We were running the DB with 20GB Memory without any issues for the almost 4 months and suddenly the ORA-04031 started appearing on shared Pool...after some testing we decided to increase the memory as we had 120GB Memory. THe database was configured with AMM(Memory_Max and Memory_Max_Target) parameter. We increase the Value to 30GB and set a default value of 10GB for shared pool. Here is where everything happened. The database startup took 15 minutes to start the instance and was opened. By the time the DB was started the server begin to Crawl. The DB server was absolutely slow and we had to revert to 20GB again and bounced the DB(basically downtime and pressure). The DB started fine and it was running...
Here is where all troubleshooting started..After checking lot of documents in metalink and contacting Oracle Support , The database was running on DISM(Dynamic Intimate shared Memory) which gives the felixibility to the application to lock the memory rather than OS and in this DB will lock and release memory. DISM also lock the equivalent amount of RAM on the disk swap as well. THis is where all went wrong becuase we had 30 GB of diskswap. For eg. if you want to allocate 40GB of memory to DB you need to have 40GB of disk swap allocated anything less than the Memory assingned will lead to server hanging or slow to respond as it has exhausted the disk swap.

DISM:
Oracle 40GB Memory=40GM Memory +40GB Disk swap=Vitrual swap

so the recommendation was to change the DB behavior from DISM to ISM

Unset the Memory_Max and Memory_Max_Target.

set the SGA_MAX_SIZE and SGA_TARGET to a same value. When we set this value Shared memory is allocated and locks the Memory during the startup and it doesnt care about the disk swap and the DB starts in few seconds....

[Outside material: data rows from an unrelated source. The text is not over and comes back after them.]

lemma FAI_ge_imp_no_low_degree_products:
  fixes f :: "('n::finite) bfun"
  assumes "s \<le> FAI f" "f \<noteq> (\<lambda>x. False)" "s - 1 \<le> deg f"
    and "1 \<le> e" "g \<in> RM e" "(\<lambda>x. f x \<and> g x) \<in> RM (int s - 1 - e)"
  shows "(\<lambda>x. f x \<and> g x) = (\<lambda>x. False)"
proof (rule ccontr)
  assume nz: "(\<lambda>x. f x \<and> g x) \<noteq> (\<lambda>x. False)"
  then have deg_fg: "int (deg (\<lambda>x. f x \<and> g x)) \<le> int s - 1 - e"
    using assms(6) by (simp add: mem_RM_iff)
  show False
  proof (cases "g = (\<lambda>x. True)")
    case True
    with deg_fg assms(3,4) show False
      by simp
  next
    case False
    have "int (deg g) \<le> e"
      using nz assms(5) by (auto simp: mem_RM_iff)
    moreover have "g \<in> ANc f"
      using nz by (simp add: ANc_def)
    with False assms(1) have "s \<le> deg g + deg (\<lambda>x. f x \<and> g x)"
      using FAI_ge_iff[OF assms(2)] by blast
    ultimately show False
      using deg_fg by linarith
  qed
qed

lemma FAI_ge_if_no_low_degree_products:
  fixes f :: "('n::finite) bfun"
  assumes "f \<noteq> (\<lambda>x. False)"
    and products: "\<And>e g. 1 \<le> e \<Longrightarrow> e \<le> int (card (UNIV :: 'n set)) \<Longrightarrow> g \<in> RM e \<Longrightarrow>
      (\<lambda>x. f x \<and> g x) \<in> RM (int s - 1 - e) \<Longrightarrow> (\<lambda>x. f x \<and> g x) = (\<lambda>x. False)"
  shows "s \<le> FAI f"
  unfolding FAI_ge_iff[OF assms(1)]
proof (intro ballI impI)
  fix g
  assume "g \<in> ANc f" "g \<noteq> (\<lambda>x. True)"
  then have nz: "(\<lambda>x. f x \<and> g x) \<noteq> (\<lambda>x. False)"
    by (simp add: ANc_def)
  show "s \<le> deg g + deg (\<lambda>x. f x \<and> g x)"
  proof (rule ccontr)
    assume "\<not> s \<le> deg g + deg (\<lambda>x. f x \<and> g x)"
    then have "(\<lambda>x. f x \<and> g x) \<in> RM (int s - 1 - int (deg g))"
      by (simp add: mem_RM_iff)
    moreover have "0 < deg g"
      using nz \<open>g \<noteq> (\<lambda>x. True)\<close> by (intro deg_pos_if_nonconstant) auto
    moreover have "deg g \<le> card (UNIV :: 'n set)"
      by (rule deg_le_card_UNIV)
    moreover have "g \<in> RM (int (deg g))"
      by (simp add: mem_RM_iff)
    ultimately have "(\<lambda>x. f x \<and> g x) = (\<lambda>x. False)"
      by (intro products[of "int (deg g)" g]) simp_all
    with nz show False
      by contradiction
  qed
qed

lemma FAI_ge_iff_no_low_degree_products:
  fixes f :: "('n::finite) bfun"
  assumes "f \<noteq> (\<lambda>x. False)" "s - 1 \<le> deg f"
  shows "s \<le> FAI f \<longleftrightarrow>
    (\<forall>e. 1 \<le> e \<and> e \<le> int (card (UNIV :: 'n set)) \<longrightarrow>
      (\<forall>g\<in>RM e. (\<lambda>x. f x \<and> g x) \<in> RM (int s - 1 - e) \<longrightarrow> (\<lambda>x. f x \<and> g x) = (\<lambda>x. False)))"
proof (intro iffI allI impI ballI)
  fix e g
  assume "s \<le> FAI f" "1 \<le> e \<and> e \<le> int (card (UNIV :: 'n set))" "g \<in> RM e"
    "(\<lambda>x. f x \<and> g x) \<in> RM (int s - 1 - e)"
  then show "(\<lambda>x. f x \<and> g x) = (\<lambda>x. False)"
    using FAI_ge_imp_no_low_degree_products[OF _ assms] by blast
next
  assume "\<forall>e. 1 \<le> e \<and> e \<le> int (card (UNIV :: 'n set)) \<longrightarrow>
    (\<forall>g\<in>RM e. (\<lambda>x. f x \<and> g x) \<in> RM (int s - 1 - e) \<longrightarrow> (\<lambda>x. f x \<and> g x) = (\<lambda>x. False))"
  then show "s \<le> FAI f"
    by (intro FAI_ge_if_no_low_degree_products[OF assms(1)]) blast
qed

theorem theorem2:
  fixes f :: "('n::finite) bfun" and s :: nat
  assumes "s \<ge> 1"
    and "f \<noteq> (\<lambda>x. False)"
    and "deg f \<ge> s - 1"
    and "D = bsupp f"
  shows "FAI f \<ge> s \<longleftrightarrow>
    (\<forall>e::int. 1 \<le> e \<and> e \<le> int (card (UNIV :: 'n set)) \<longrightarrow>
       punct_to D (RM e) \<inter> dual_in D (punct_to D (RM (e + int (card (UNIV :: 'n set)) - int s)))
         = {(\<lambda>x. False)})"
proof -
  have "int (card (UNIV :: 'n set)) - 1 - (e + int (card (UNIV :: 'n set)) - int s) = int s - 1 - e"
    for e
    by simp
  then show ?thesis
    unfolding assms(4) punct_RM_inter_dual_eq_zero_iff
    by (simp only: FAI_ge_iff_no_low_degree_products[OF assms(2,3)])
qed

end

If you have DISM enable make sure you have disk swap equivalent to memory allocation

ps -ef | grep dism

will display if the DISM process running..

ps -ef | grep oracle


Get the process id and check if the process is using dism or ism

pmap -xs  
will display lot of things and look for
ism shmid.......

In solaris the virtual disk usage is really hard to interpret

If using DISM

swap -l will give physically allocated size

vmstat 5 10 will display the disk space usage especially the swap column.....

in ISM

VMSTAT 5 10

now the swap columns means disk swap free + memory free...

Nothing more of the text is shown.